**INSTRUCTIONS TO FOLLOW**
Among the lines of the records below, copy those that hold the word "assms".

── STUDY MATERIAL

text \<open>Let \<open>C\<close> be the connectivity class of a fixed index \<open>i\<^sub>0\<close>. Multiplicativity of the basis
  makes the bracket of basis vectors with first argument \<open>v\<^sub>j\<close>, \<open>j \<in> C\<close>, a multiple of some
  \<open>v\<^sub>r\<close> with \<open>r\<close> reachable from \<open>j\<close> in one step, so \<open>r \<in> C\<close>. By multilinearity the span of
  the \<open>v\<^sub>j\<close>, \<open>j \<in> C\<close>, is therefore a \<open>k\<close>-submodule; it contains \<open>v\<^sub>i\<^sub>0 \<noteq> 0\<close>, so by
  simplicity it is the whole module, and linear independence of the basis forces \<open>C = I\<close>.\<close>

lemma linear_span_into_subspace:
  assumes "Vector_Spaces.linear s t f" and "module.subspace t U"
    and "f ` B \<subseteq> U" and "x \<in> module.span s B"
  shows "f x \<in> U"
proof -
  have hom: "module_hom s t f"
    using assms(1) by (simp add: module_hom_iff_linear)
  then have "module s"
    using module_hom_def by blast
  moreover have "module.subspace s (f -` U)"
    using module_hom.subspace_vimage[OF hom assms(2)] .
  ultimately have "module.span s B \<subseteq> f -` U"
    using assms(3) by (metis module.span_minimal image_subset_iff_subset_vimage)
  then show ?thesis
    using assms(4) by blast
qed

────

**ANSWER AREA**
    using assms(1) by (simp add: module_hom_iff_linear)
    using module_hom.subspace_vimage[OF hom assms(2)] .
    using assms(3) by (metis module.span_minimal image_subset_iff_subset_vimage)
    using assms(4) by blast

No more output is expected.